ENTRIES SHOWN Block Start

(* Let $A$ be a $3$-dimensional zeropotent algebra over a field $K$ with $\mathrm{char}(K)\neq2$ whose structural matrix has rank at least $2$. Then every weak multiplier of $A$ is a scalar multiplication $S_a:x\mapsto ax$ for some $a\in K$; that is, $M(A)=M'(A)=LM(A)=LM'(A)=\{S_a: a\in K\}$.
   Context: $A$ is zeropotent if $x^2=0$ for all $x\in A$. Given a basis $\{e,f,g\}$, write $fg=a_{11}e+a_{12}f+a_{13}g$, $ge=a_{21}e+a_{22}f+a_{23}g$, $ef=a_{31}e+a_{32}f+a_{33}g$; the structural matrix is $(a_{ij})$ (rank $\ge 2$ means at least two of $fg,ge,ef$ are linearly independent). A map $T:A\to A$ (not assumed linear) is a weak multiplier if $xT(y)=T(x)y$ for all $x,y$, a multiplier if $xT(y)=T(xy)=T(x)y$ for all $x,y$; $M(A)$, $M'(A)$ are the sets of multipliers and weak multipliers and $LM(A)$, $LM'(A)$ their linear elements. *)

theory Defs
  imports "HOL-Analysis.Finite_Cartesian_Product"
begin

text \<open>A 3-dimensional algebra over a field K is modelled as K^3 (coordinates w.r.t. the
basis e = axis 1 1, f = axis 2 1, g = axis 3 1) with a K-bilinear product prd.\<close>

definition bilinear_prod :: "('k::field ^ 3 \<Rightarrow> 'k ^ 3 \<Rightarrow> 'k ^ 3) \<Rightarrow> bool" where
  "bilinear_prod prd \<longleftrightarrow>
     (\<forall>x y z. prd (x + y) z = prd x z + prd y z) \<and>
     (\<forall>x y z. prd x (y + z) = prd x y + prd x z) \<and>
     (\<forall>c x y. prd (c *s x) y = c *s prd x y) \<and>
     (\<forall>c x y. prd x (c *s y) = c *s prd x y)"

definition zeropotent :: "('k::field ^ 3 \<Rightarrow> 'k ^ 3 \<Rightarrow> 'k ^ 3) \<Rightarrow> bool" where
  "zeropotent prd \<longleftrightarrow> (\<forall>x. prd x x = 0)"

definition lin_indep2 :: "'k::field ^ 3 \<Rightarrow> 'k ^ 3 \<Rightarrow> bool" where
  "lin_indep2 u v \<longleftrightarrow> (\<forall>a b. a *s u + b *s v = 0 \<longrightarrow> a = 0 \<and> b = 0)"

text \<open>Structural matrix has rank at least 2: at least two of fg, ge, ef are linearly independent.\<close>
definition struct_rank_ge2 :: "('k::field ^ 3 \<Rightarrow> 'k ^ 3 \<Rightarrow> 'k ^ 3) \<Rightarrow> bool" where
  "struct_rank_ge2 prd \<longleftrightarrow>
     (let e = axis 1 1; f = axis 2 1; g = axis 3 1 in
       lin_indep2 (prd f g) (prd g e) \<or> lin_indep2 (prd f g) (prd e f) \<or>
       lin_indep2 (prd g e) (prd e f))"

definition weak_multiplier :: "('a \<Rightarrow> 'a \<Rightarrow> 'a) \<Rightarrow> ('a \<Rightarrow> 'a) \<Rightarrow> bool" where
  "weak_multiplier prd T \<longleftrightarrow> (\<forall>x y. prd x (T y) = prd (T x) y)"

definition multiplier :: "('a \<Rightarrow> 'a \<Rightarrow> 'a) \<Rightarrow> ('a \<Rightarrow> 'a) \<Rightarrow> bool" where
  "multiplier prd T \<longleftrightarrow> (\<forall>x y. prd x (T y) = T (prd x y) \<and> T (prd x y) = prd (T x) y)"

definition M_set where "M_set prd = {T. multiplier prd T}"
definition M'_set where "M'_set prd = {T. weak_multiplier prd T}"
definition LM_set :: "('k::field ^ 3 \<Rightarrow> 'k ^ 3 \<Rightarrow> 'k ^ 3) \<Rightarrow> ('k ^ 3 \<Rightarrow> 'k ^ 3) set" where
  "LM_set prd = {T. multiplier prd T \<and> Vector_Spaces.linear (*s) (*s) T}"
definition LM'_set :: "('k::field ^ 3 \<Rightarrow> 'k ^ 3 \<Rightarrow> 'k ^ 3) \<Rightarrow> ('k ^ 3 \<Rightarrow> 'k ^ 3) set" where
  "LM'_set prd = {T. weak_multiplier prd T \<and> Vector_Spaces.linear (*s) (*s) T}"

end

theory Submission
  imports Defs "HOL-Analysis.Cartesian_Space"
begin

text \<open>A zeropotent product is anticommutative, so x y is determined by the vectors fg, ge, ef
  (the rows of the structural matrix). Two of them being independent makes the annihilator
  {z. \<forall>x. x z = 0} trivial. For a weak multiplier T and char K \<noteq> 2 one gets x T(x) = 0 and
  x T(y) = - y T(x); evaluated on basis vectors and read off in the two independent rows, these
  equations force T to act on the basis as a scalar a. Then T x - a x lies in the annihilator,
  so T is the scalar multiplication by a, which is a linear multiplier.\<close>

lemma multiplier_imp_weak_multiplier: "multiplier prd T \<Longrightarrow> weak_multiplier prd T"
  unfolding multiplier_def weak_multiplier_def by metis

lemma lin_indep2_swap: "lin_indep2 u v \<longleftrightarrow> lin_indep2 v u"
  unfolding lin_indep2_def by (metis add.commute)

lemma lin_indep2_eqD:
  assumes "lin_indep2 u v" and "a *s u = b *s v"
  shows "a = 0" and "b = 0"
  using assms unfolding lin_indep2_def
  by (metis (no_types) add_eq_0_iff vector_sneg_minus1 vector_smult_assoc)+

lemma exhaust_3_cyclic: "(k::3) = i \<or> k = i + 1 \<or> k = i + 2"
  using exhaust_3[of i] exhaust_3[of k] by auto

lemma add_3_cyclic:
  "(i::3) + 1 + 1 = i + 2" "i + 1 + 2 = i" "i + 2 + 1 = i" "i + 2 + 2 = i + 1"
  by simp_all

lemma vec_3_decomp_axes: "(y::'a::field^3) = y$i *s axis i 1 + y$(i+1) *s axis (i+1) 1 + y$(i+2) *s axis (i+2) 1"
  by (simp add: vec_eq_iff axis_def) (metis exhaust_3_cyclic)

locale zeropotent_algebra3 =
  fixes prd :: "'k::field ^ 3 \<Rightarrow> 'k ^ 3 \<Rightarrow> 'k ^ 3"
  assumes bilinear: "bilinear_prod prd" and zeropotent: "zeropotent prd"
begin

lemma add_left: "prd (x + y) z = prd x z + prd y z"
  and add_right: "prd x (y + z) = prd x y + prd x z"
  and scale_left: "prd (c *s x) y = c *s prd x y"
  and scale_right: "prd x (c *s y) = c *s prd x y"
  using bilinear unfolding bilinear_prod_def by blast+

lemma square_eq_0: "prd x x = 0"
  using zeropotent unfolding zeropotent_def by blast

lemma anticommute: "prd y x = - prd x y"
proof -
  have "0 = prd x x + prd x y + (prd y x + prd y y)"
    by (metis add_left add_right square_eq_0)
  then show ?thesis by (simp add: square_eq_0 eq_neg_iff_add_eq_0 add.commute)
qed

lemma diff_right: "prd x (y - z) = prd x y - prd x z"
  by (metis add_right eq_diff_eq)

text \<open>Indices live in the cyclic type 3, so structural_row 1, 2, 3 are fg, ge, ef.\<close>

definition structural_row :: "3 \<Rightarrow> 'k ^ 3" where
  "structural_row i = prd (axis (i + 1) 1) (axis (i + 2) 1)"

lemma prd_axis_left:
  "prd (axis i 1) y = y$(i+1) *s structural_row (i+2) - y$(i+2) *s structural_row (i+1)"
proof -
  have "prd (axis i 1) y = y$(i+1) *s prd (axis i 1) (axis (i+1) 1) + y$(i+2) *s prd (axis i 1) (axis (i+2) 1)"
    by (subst vec_3_decomp_axes[of y i]) (simp add: add_right scale_right square_eq_0)
  also have "\<dots> = y$(i+1) *s structural_row (i+2) - y$(i+2) *s structural_row (i+1)"
    unfolding structural_row_def add_3_cyclic
    by (simp add: anticommute[of "axis i 1" "axis (i+2) 1"])
  finally show ?thesis .
qed

lemma weak_multiplier_antisym:
  assumes "weak_multiplier prd T"
  shows "prd x (T y) = - prd y (T x)"
  using assms anticommute unfolding weak_multiplier_def by metis

lemma weak_multiplier_annihilates_self:
  assumes "(2::'k) \<noteq> 0" and "weak_multiplier prd T"
  shows "prd x (T x) = 0"
proof -
  have "2 *s prd x (T x) = 0"
    using weak_multiplier_antisym[OF assms(2), of x x] by (simp add: vec_eq_iff)
  then show ?thesis using assms(1) by (simp add: vec_eq_iff)
qed

lemma scalar_multiplier: "multiplier prd (\<lambda>x. a *s x)"
  unfolding multiplier_def by (simp add: scale_left scale_right)

end

locale zeropotent_algebra3_rank2 =
  zeropotent_algebra3 prd for prd :: "'k::field ^ 3 \<Rightarrow> 'k ^ 3 \<Rightarrow> 'k ^ 3" +
  assumes rank: "struct_rank_ge2 prd"
begin

lemma structural_rows_indep: "\<exists>i. lin_indep2 (structural_row i) (structural_row (i + 1))"
proof -
  have sums: "(1::3) + 1 = 2" "(1::3) + 2 = 3" "(2::3) + 1 = 3" "(2::3) + 2 = 1" "(3::3) + 1 = 1"
    "(3::3) + 2 = 2"
    by simp_all
  have "structural_row 1 = prd (axis 2 1) (axis 3 1)" "structural_row 2 = prd (axis 3 1) (axis 1 1)"
    "structural_row 3 = prd (axis 1 1) (axis 2 1)"
    unfolding structural_row_def sums by (rule refl)+
  with rank have "lin_indep2 (structural_row 1) (structural_row 2) \<or> lin_indep2 (structural_row 3) (structural_row 1)
      \<or> lin_indep2 (structural_row 2) (structural_row 3)"
    unfolding struct_rank_ge2_def Let_def using lin_indep2_swap by metis
  then show ?thesis by (metis sums(1,3,5))
qed

lemma annihilator_eq_0:
  assumes "\<And>m. prd (axis m 1) z = 0"
  shows "z = 0"
proof -
  obtain i where indep: "lin_indep2 (structural_row i) (structural_row (i + 1))"
    using structural_rows_indep by blast
  have "z$(i+1) *s structural_row i = z$i *s structural_row (i + 1)"
    using assms[of "i + 2"] unfolding prd_axis_left add_3_cyclic by simp
  then have i: "z$i = 0" and i1: "z$(i+1) = 0"
    using lin_indep2_eqD[OF indep] by blast+
  have "0 *s structural_row i = z$(i+2) *s structural_row (i + 1)"
    using assms[of i] i1 unfolding prd_axis_left by simp
  then have "z$(i+2) = 0"
    using lin_indep2_eqD[OF indep] by blast
  with i i1 have "z$k = 0" for k
    using exhaust_3_cyclic[of k i] by auto
  then show ?thesis by (simp add: vec_eq_iff)
qed

lemma weak_multiplier_on_axes:
  assumes two: "(2::'k) \<noteq> 0" and T: "weak_multiplier prd T"
  shows "\<exists>a. \<forall>m. T (axis m 1) = a *s axis m 1"
proof -
  obtain i where indep: "lin_indep2 (structural_row i) (structural_row (i + 1))"
    using structural_rows_indep by blast
  define p q r where "p = structural_row i" and "q = structural_row (i + 1)"
    and "r = structural_row (i + 2)"
  define t where "t m = T (axis m 1)" for m
  have prd_i: "prd (axis i 1) y = y$(i+1) *s r - y$(i+2) *s q"
    and prd_j: "prd (axis (i+1) 1) y = y$(i+2) *s p - y$i *s r"
    and prd_k: "prd (axis (i+2) 1) y = y$i *s q - y$(i+1) *s p" for y
    unfolding p_def q_def r_def prd_axis_left add_3_cyclic by (rule refl)+
  note self = weak_multiplier_annihilates_self[OF two T, of "axis _ 1", folded t_def]
  note cross = weak_multiplier_antisym[OF T, of "axis _ 1" "axis _ 1", folded t_def]
  note coeffs = lin_indep2_eqD[OF indep, folded p_def q_def]
  \<comment> \<open>Using the entries already shown to vanish, r drops out of each equation below.\<close>
  have "t (i+2) $ (i+1) *s p = t (i+2) $ i *s q"
    using self[of "i+2"] unfolding prd_k by simp
  then have k_i: "t (i+2) $ i = 0" and k_j: "t (i+2) $ (i+1) = 0"
    using coeffs by blast+
  have "t i $ (i+1) *s p = (t i $ i - t (i+2) $ (i+2)) *s q"
    using cross[of i "i+2"] k_j unfolding prd_i prd_k by (simp add: vec_eq_iff algebra_simps)
  then have i_j: "t i $ (i+1) = 0" and i_i: "t i $ i = t (i+2) $ (i+2)"
    using coeffs by (metis, metis eq_iff_diff_eq_0)
  have "(t (i+2) $ (i+2) - t (i+1) $ (i+1)) *s p = (- t (i+1) $ i) *s q"
    using cross[of "i+1" "i+2"] k_i unfolding prd_j prd_k by (simp add: vec_eq_iff algebra_simps)
  then have j_j: "t (i+1) $ (i+1) = t (i+2) $ (i+2)" and j_i: "t (i+1) $ i = 0"
    using coeffs by (metis eq_iff_diff_eq_0, metis neg_equal_0_iff_equal)
  have "0 *s p = t i $ (i+2) *s q"
    using self[of i] i_j unfolding prd_i by simp
  then have i_k: "t i $ (i+2) = 0"
    using coeffs by blast
  have "t (i+1) $ (i+2) *s p = 0 *s q"
    using self[of "i+1"] j_i unfolding prd_j by simp
  then have j_k: "t (i+1) $ (i+2) = 0"
    using coeffs by blast
  have "t m $ n = (t (i+2) $ (i+2) *s axis m 1) $ n" for m n
    using exhaust_3_cyclic[of m i] exhaust_3_cyclic[of n i]
    by (elim disjE) (simp_all add: axis_def k_i k_j i_j i_i j_j j_i i_k j_k)
  then show ?thesis
    unfolding t_def vec_eq_iff by blast
qed

lemma weak_multiplier_scalar:
  assumes two: "(2::'k) \<noteq> 0" and T: "weak_multiplier prd T"
  shows "\<exists>a. T = (\<lambda>x. a *s x)"
proof -
  obtain a where axes: "\<And>m. T (axis m 1) = a *s axis m 1"
    using weak_multiplier_on_axes[OF two T] by blast
  have "T x - a *s x = 0" for x
  proof (rule annihilator_eq_0)
    fix m
    have "prd (axis m 1) (T x) = a *s prd (axis m 1) x"
      using T axes unfolding weak_multiplier_def by (simp add: scale_left)
    then show "prd (axis m 1) (T x - a *s x) = 0"
      by (simp add: diff_right scale_right)
  qed
  then show ?thesis by auto
qed

end

theorem theorem7p2:
  fixes prd :: "'k::field ^ 3 \<Rightarrow> 'k ^ 3 \<Rightarrow> 'k ^ 3"
  assumes "(2::'k) \<noteq> 0"
    and "bilinear_prod prd"
    and "zeropotent prd"
    and "struct_rank_ge2 prd"
  shows "M_set prd = M'_set prd \<and> M'_set prd = LM_set prd \<and> LM_set prd = LM'_set prd \<and>
         LM'_set prd = {(\<lambda>x. a *s x) | a. True}"
proof -
  interpret zeropotent_algebra3_rank2 prd
    using assms(2-4) by unfold_locales
  let ?S = "{(\<lambda>x. a *s x) | a. True}"
  have "?S \<subseteq> LM_set prd"
    using scalar_multiplier vec.linear_scale_self by (auto simp: LM_set_def)
  moreover have "M'_set prd \<subseteq> ?S"
    using weak_multiplier_scalar[OF assms(1)] by (auto simp: M'_set_def)
  moreover have "LM_set prd \<subseteq> M_set prd" "LM_set prd \<subseteq> LM'_set prd"
    and "M_set prd \<subseteq> M'_set prd" "LM'_set prd \<subseteq> M'_set prd"
    by (auto simp: LM_set_def M_set_def LM'_set_def M'_set_def multiplier_imp_weak_multiplier)
  ultimately have "M_set prd = ?S" "M'_set prd = ?S" "LM_set prd = ?S" "LM'_set prd = ?S"
    by (meson order_trans subset_antisym)+
  then show ?thesis by simp
qed

end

ENTRIES SHOWN Block End

ACTIVITY: Look through the entries. Copy out each line with "cross" in it.

YOUR RESPONSE:
  note cross = weak_multiplier_antisym[OF T, of "axis _ 1" "axis _ 1", folded t_def]
    using cross[of i "i+2"] k_j unfolding prd_i prd_k by (simp add: vec_eq_iff algebra_simps)
    using cross[of "i+1" "i+2"] k_i unfolding prd_j prd_k by (simp add: vec_eq_iff algebra_simps)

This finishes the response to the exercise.